Researchers from Penn State and Princeton University have made strides in creating a diode laser based on a perovskite material that can be deposited from solution on a laboratory benchtop.
Organic diode lasers, that are extremely hard to make, are sought after since they have many advantages. First, because organic semiconductors are relatively soft and flexible, organic lasers could be incorporated into new form factors not possible for their inorganic counterparts. While inorganic semiconductor lasers are relatively limited in the wavelengths, or colors, of light they emit, an organic laser can produce any wavelength a chemist cares to synthesize in the lab by tailoring the structure of the organic molecules. This tunability could be very useful in applications ranging from medical diagnostics to environmental sensing.
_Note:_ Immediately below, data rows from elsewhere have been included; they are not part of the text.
(* Let $p,q$ be distinct propositional letters, and define $p^0:=q\looparrowright p$, $p^{n+1}:=p\to p^n$. For every $n\in\omega\setminus\{0\}$ and every Epstein relation $\mathfrak{R}$: if $\mathfrak{R}\vDash\sigma(q\looparrowright p^n)$ for every substitution $\sigma$, then $\mathfrak{R}\vDash p\looparrowright p$.
   Context: Language: propositional letters $\Phi=\{p_0,p_1,\dots\}$; connectives $\neg$, $\lor,\wedge,\to,\leftrightarrow,\vartriangle,\looparrowright$; $\mathsf{FOR}$ the set of all formulas. A substitution is an endomorphism of the free formula algebra. An Epstein model is $\langle v,\mathfrak{R}\rangle$ with $v:\Phi\to\{0,1\}$ and $\mathfrak{R}\subseteq\mathsf{FOR}^2$ (an Epstein relation); truth: letters via $v$, boolean connectives classical, $\langle v,\mathfrak{R}\rangle\vDash\varphi\vartriangle\psi$ iff both true and $\langle\varphi,\psi\rangle\in\mathfrak{R}$; $\langle v,\mathfrak{R}\rangle\vDash\varphi\looparrowright\psi$ iff $\varphi\to\psi$ true and $\langle\varphi,\psi\rangle\in\mathfrak{R}$. $\mathfrak{R}\vDash\varphi$ iff $\langle v,\mathfrak{R}\rangle\vDash\varphi$ for every valuation $v$. *)

theory Defs
  imports Main
begin

text \<open>Formulas over propositional letters p_0, p_1, ... (indexed by nat), with the
connectives negation, disjunction, conjunction, implication, equivalence,
Epstein conjunction (Tri) and Epstein implication (Loop).\<close>

datatype form =
    Var nat
  | Neg form
  | Disj form form
  | Conj form form
  | Imp form form
  | Iff form form
  | Tri form form
  | Loop form form

primrec subst :: "(nat \<Rightarrow> form) \<Rightarrow> form \<Rightarrow> form" where
  "subst s (Var i) = s i"
| "subst s (Neg a) = Neg (subst s a)"
| "subst s (Disj a b) = Disj (subst s a) (subst s b)"
| "subst s (Conj a b) = Conj (subst s a) (subst s b)"
| "subst s (Imp a b) = Imp (subst s a) (subst s b)"
| "subst s (Iff a b) = Iff (subst s a) (subst s b)"
| "subst s (Tri a b) = Tri (subst s a) (subst s b)"
| "subst s (Loop a b) = Loop (subst s a) (subst s b)"

text \<open>Truth in an Epstein model (v, R), R an arbitrary binary relation on formulas.\<close>

primrec sat :: "(nat \<Rightarrow> bool) \<Rightarrow> (form \<times> form) set \<Rightarrow> form \<Rightarrow> bool" where
  "sat v R (Var i) = v i"
| "sat v R (Neg a) = (\<not> sat v R a)"
| "sat v R (Disj a b) = (sat v R a \<or> sat v R b)"
| "sat v R (Conj a b) = (sat v R a \<and> sat v R b)"
| "sat v R (Imp a b) = (sat v R a \<longrightarrow> sat v R b)"
| "sat v R (Iff a b) = (sat v R a \<longleftrightarrow> sat v R b)"
| "sat v R (Tri a b) = (sat v R a \<and> sat v R b \<and> (a, b) \<in> R)"
| "sat v R (Loop a b) = ((sat v R a \<longrightarrow> sat v R b) \<and> (a, b) \<in> R)"

definition valid_in :: "(form \<times> form) set \<Rightarrow> form \<Rightarrow> bool" where
  "valid_in R a \<longleftrightarrow> (\<forall>v. sat v R a)"

primrec ppow :: "nat \<Rightarrow> nat \<Rightarrow> nat \<Rightarrow> form" where
  "ppow p q 0 = Loop (Var q) (Var p)"
| "ppow p q (Suc n) = Imp (Var p) (ppow p q n)"

end

theory Submission
  imports Defs
begin

text \<open>Substitute p for every letter and evaluate under a valuation making p true.
The instance of q \<looparrowright> p^n becomes p \<looparrowright> (p \<rightarrow> \<dots> \<rightarrow> (p \<looparrowright> p)); since p is true,
its consequent forces the innermost p \<looparrowright> p, i.e. (p, p) \<in> R.\<close>

lemma valid_in_Loop_self_iff: "valid_in R (Loop a a) \<longleftrightarrow> (a, a) \<in> R"
  by (simp add: valid_in_def)

lemma sat_subst_ppow_imp_Loop_mem:
  assumes "v p" and "sat v R (subst (\<lambda>_. Var p) (ppow p q n))"
  shows "(Var p, Var p) \<in> R"
  using assms by (induction n) auto

theorem mainTheorem7:
  fixes p q n :: nat and R :: "(form \<times> form) set"
  assumes "p \<noteq> q" and "n \<noteq> 0"
    and "\<forall>s. valid_in R (subst s (Loop (Var q) (ppow p q n)))"
  shows "valid_in R (Loop (Var p) (Var p))"
proof -
  have "sat (\<lambda>_. True) R (subst (\<lambda>_. Var p) (Loop (Var q) (ppow p q n)))"
    using assms(3) unfolding valid_in_def by blast
  then have "sat (\<lambda>_. True) R (subst (\<lambda>_. Var p) (ppow p q n))"
    by simp
  then have "(Var p, Var p) \<in> R"
    using sat_subst_ppow_imp_Loop_mem[of "\<lambda>_. True"] by simp
  then show ?thesis
    by (simp add: valid_in_Loop_self_iff)
qed

end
The key to succeeding in making such lasers may involve organic/inorganic perovskites; The material that the team is studying is composed of an inorganic perovskite sublattice with relatively big organic molecules confined in the middle. "The ultimate goal is to make an electrically driven perovskite laser diode," said the researchers. "That would be a game changer. It is fairly easy to make the perovskite material lase by optical pumping, that is, by shining another laser on it. However, this has only worked for very short pulses due to a poorly understood phenomenon we call lasing death. Getting it to go continuously is a key step toward an eventual electrically driven device. What we found in this recent study is a curious quirk. We can avoid lasing death entirely just by lowering the temperature of the material a little bit to induce a partial phase transition."
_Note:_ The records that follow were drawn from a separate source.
lemma vec_val_add_ge: "min (vec_val \<nu> x) (vec_val \<nu> y) \<le> vec_val \<nu> (x + y)"
  unfolding vec_val_ge_iff
proof
  fix i
  have "min (vec_val \<nu> x) (vec_val \<nu> y) \<le> min (\<nu> (x $ i)) (\<nu> (y $ i))"
    by (intro min.mono vec_val_le)
  also have "\<dots> \<le> \<nu> ((x + y) $ i)"
    using val_add_ge by simp
  finally show "min (vec_val \<nu> x) (vec_val \<nu> y) \<le> \<nu> ((x + y) $ i)" .
qed

lemma vec_val_uminus [simp]: "vec_val \<nu> (- x) = vec_val \<nu> x"
  unfolding vec_val_def by simp

lemma vec_val_diff_ge: "min (vec_val \<nu> x) (vec_val \<nu> y) \<le> vec_val \<nu> (x - y)"
  using vec_val_add_ge[of x "- y"] by simp

lemma vec_val_scale: "vec_val \<nu> (c *s v) = ext_add (\<nu> c) (vec_val \<nu> v)"
proof (rule antisym)
  obtain p where "vec_val \<nu> v = \<nu> (v $ p)" using vec_val_attained by blast
  then show "vec_val \<nu> (c *s v) \<le> ext_add (\<nu> c) (vec_val \<nu> v)"
    using vec_val_le[of \<nu> "c *s v" p] by (simp add: val_mult)
  show "ext_add (\<nu> c) (vec_val \<nu> v) \<le> vec_val \<nu> (c *s v)"
    unfolding vec_val_ge_iff by (simp add: val_mult ext_add_mono vec_val_le)
qed

lemma O_submodule_zero: "is_O_submodule \<nu> C \<Longrightarrow> 0 \<in> C"
  unfolding is_O_submodule_def by blast

lemma O_submodule_add: "is_O_submodule \<nu> C \<Longrightarrow> x \<in> C \<Longrightarrow> y \<in> C \<Longrightarrow> x + y \<in> C"
  unfolding is_O_submodule_def by blast

lemma O_submodule_scale: "is_O_submodule \<nu> C \<Longrightarrow> Fin 0 \<le> \<nu> a \<Longrightarrow> x \<in> C \<Longrightarrow> a *s x \<in> C"
  unfolding is_O_submodule_def val_ring_def by blast

lemma O_submodule_diff: "is_O_submodule \<nu> C \<Longrightarrow> x \<in> C \<Longrightarrow> y \<in> C \<Longrightarrow> x - y \<in> C"
  using O_submodule_add O_submodule_scale[of C "- 1" y] by fastforce

lemma O_submodule_sum:
  "is_O_submodule \<nu> C \<Longrightarrow> (\<And>i. i \<in> A \<Longrightarrow> f i \<in> C) \<Longrightarrow> sum f A \<in> C"
  by (induction A rule: infinite_finite_induct) (auto intro: O_submodule_zero O_submodule_add)

lemma O_submodule_Int_subspace:
  "is_O_submodule \<nu> C \<Longrightarrow> vec.subspace H \<Longrightarrow> is_O_submodule \<nu> (C \<inter> H)"
  unfolding is_O_submodule_def vec.subspace_def by blast

lemma O_submodule_K_zero: "is_O_submodule_K \<nu> D \<Longrightarrow> 0 \<in> D"
  unfolding is_O_submodule_K_def by blast

lemma O_submodule_K_add: "is_O_submodule_K \<nu> D \<Longrightarrow> x \<in> D \<Longrightarrow> y \<in> D \<Longrightarrow> x + y \<in> D"
  unfolding is_O_submodule_K_def by blast

lemma O_submodule_K_mult: "is_O_submodule_K \<nu> D \<Longrightarrow> Fin 0 \<le> \<nu> a \<Longrightarrow> x \<in> D \<Longrightarrow> a * x \<in> D"
  unfolding is_O_submodule_K_def val_ring_def by blast

lemma O_submodule_K_diff: "is_O_submodule_K \<nu> D \<Longrightarrow> x \<in> D \<Longrightarrow> y \<in> D \<Longrightarrow> x - y \<in> D"
  using O_submodule_K_add O_submodule_K_mult[of D "- 1" y] by fastforce

lemma O_submodule_K_val_mono:
  assumes D: "is_O_submodule_K \<nu> D" and "x \<in> D" "\<nu> x \<le> \<nu> y"
  shows "y \<in> D"
proof (cases "x = 0")
  case True
  then show ?thesis using assms O_submodule_K_zero[OF D] by simp
next
  case False
  have "(y / x) * x \<in> D"
    using O_submodule_K_mult[OF D val_divide_nonneg[OF False assms(3)] assms(2)] .
  then show ?thesis using False by simp
qed

lemma O_submodule_K_linear:
  assumes "is_O_submodule_K \<nu> D" "is_O_submodule_K \<nu> E"
  shows "D \<subseteq> E \<or> E \<subseteq> D"
  using O_submodule_K_val_mono[OF assms(1)] O_submodule_K_val_mono[OF assms(2)]
  by (meson linear subsetI)

lemma O_submodule_K_val_ge: "is_O_submodule_K \<nu> {x. Fin r \<le> \<nu> x}"
  unfolding is_O_submodule_K_def val_ring_def
  by (auto intro: order_trans val_mult_mono order_trans[OF _ val_add_ge])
The team explained that "when we lowered the temperature below the phase transition, we were surprised to find that the material initially emitted light from the low temperature phase, but then changed over within 100 nanoseconds and began lasing from the high-temperature phase -- for over an hour," said the study's lead author. "It turned out that as the material heated up, although most of the material remained in the low-temperature phase, small pockets of the high-temperature phase formed, and that was where the lasing was coming from."
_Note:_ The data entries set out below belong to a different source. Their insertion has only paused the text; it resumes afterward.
lemma subspace_sum_eq_UNIV:
  fixes W P :: "'v::euclidean_space set"
  assumes "subspace W" "subspace P" "W \<inter> P \<subseteq> {0}" "DIM('v) \<le> dim W + dim P"
  shows "\<exists>w p. v = w + p \<and> w \<in> W \<and> p \<in> P"
proof -
  let ?S = "{w + p |w p. w \<in> W \<and> p \<in> P}"
  have "dim ?S + dim (W \<inter> P) = dim W + dim P"
    by (rule dim_sums_Int[OF assms(1,2)])
  moreover have "dim (W \<inter> P) = 0" using assms(3) by (simp add: dim_eq_0)
  ultimately have "dim ?S = DIM('v)"
    using dim_subset_UNIV[of ?S] assms(4) by linarith
  then have "span ?S = UNIV" by (simp add: dim_eq_full)
  moreover have "span ?S = ?S"
    using subspace_sums[OF assms(1,2)] by (simp add: set_plus_def span_eq_iff)
  ultimately have "v \<in> ?S" by simp
  then show ?thesis by blast
qed

lemma dim_form_orthogonal_ge:
  fixes q :: "'v::euclidean_space \<Rightarrow> 'v \<Rightarrow> real"
  assumes q: "bilinear q" and W: "subspace W"
  shows "DIM('v) \<le> dim {p. \<forall>w\<in>W. q p w = 0} + dim W"
proof -
  define R where "R w = (\<Sum>i\<in>Basis. q i w *\<^sub>R i)" for w :: 'v
  have "q p w = p \<bullet> R w" for p w
    using linear_Basis_expansion[of "\<lambda>p. q p w" p] q
    by (simp add: bilinear_def R_def inner_sum_right mult.commute)
  then have orth: "{p. \<forall>w\<in>W. q p w = 0} = {y \<in> UNIV. \<forall>z \<in> R ` W. orthogonal z y}"
    by (auto simp: orthogonal_def inner_commute)
  have R: "linear R"
    unfolding R_def using q
    by (intro linearI)
      (simp_all add: bilinear_radd bilinear_rmul scaleR_add_left sum.distrib scaleR_sum_right)
  have "dim {p. \<forall>w\<in>W. q p w = 0} + dim (R ` W) = DIM('v)"
    unfolding orth
    using dim_subspace_orthogonal_to_vectors[OF linear_subspace_image[OF R W] subspace_UNIV] by simp
  with dim_image_le[OF R, of W] show ?thesis by linarith
qed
In some inorganic lasers there are narrow regions called quantum wells where charge carriers can be trapped as the electrons and holes fall into the wells. The intensity of the lasing depends on how many charge carriers can be packed into the quantum wells. In the perovskite material, the arrangement of the high-temperature-phase inclusions inside the low temperature bulk seems to mimic these quantum wells and may play a role in enabling the continuous lasing.
These results seem to point toward an opportunity to engineer a material that has the built-in qualities of this mixed phase arrangement, but without having to actually cool the material to low temperature. The current paper points to a couple of ideas for how those materials could be designed. The next big step then is to switch from optical pumping with an external laser to a perovskite laser diode that can be powered directly with electrical current.
"If we can solve the electrical pumping problem, perovskite lasers could turn into a technology with real commercial value," the team said.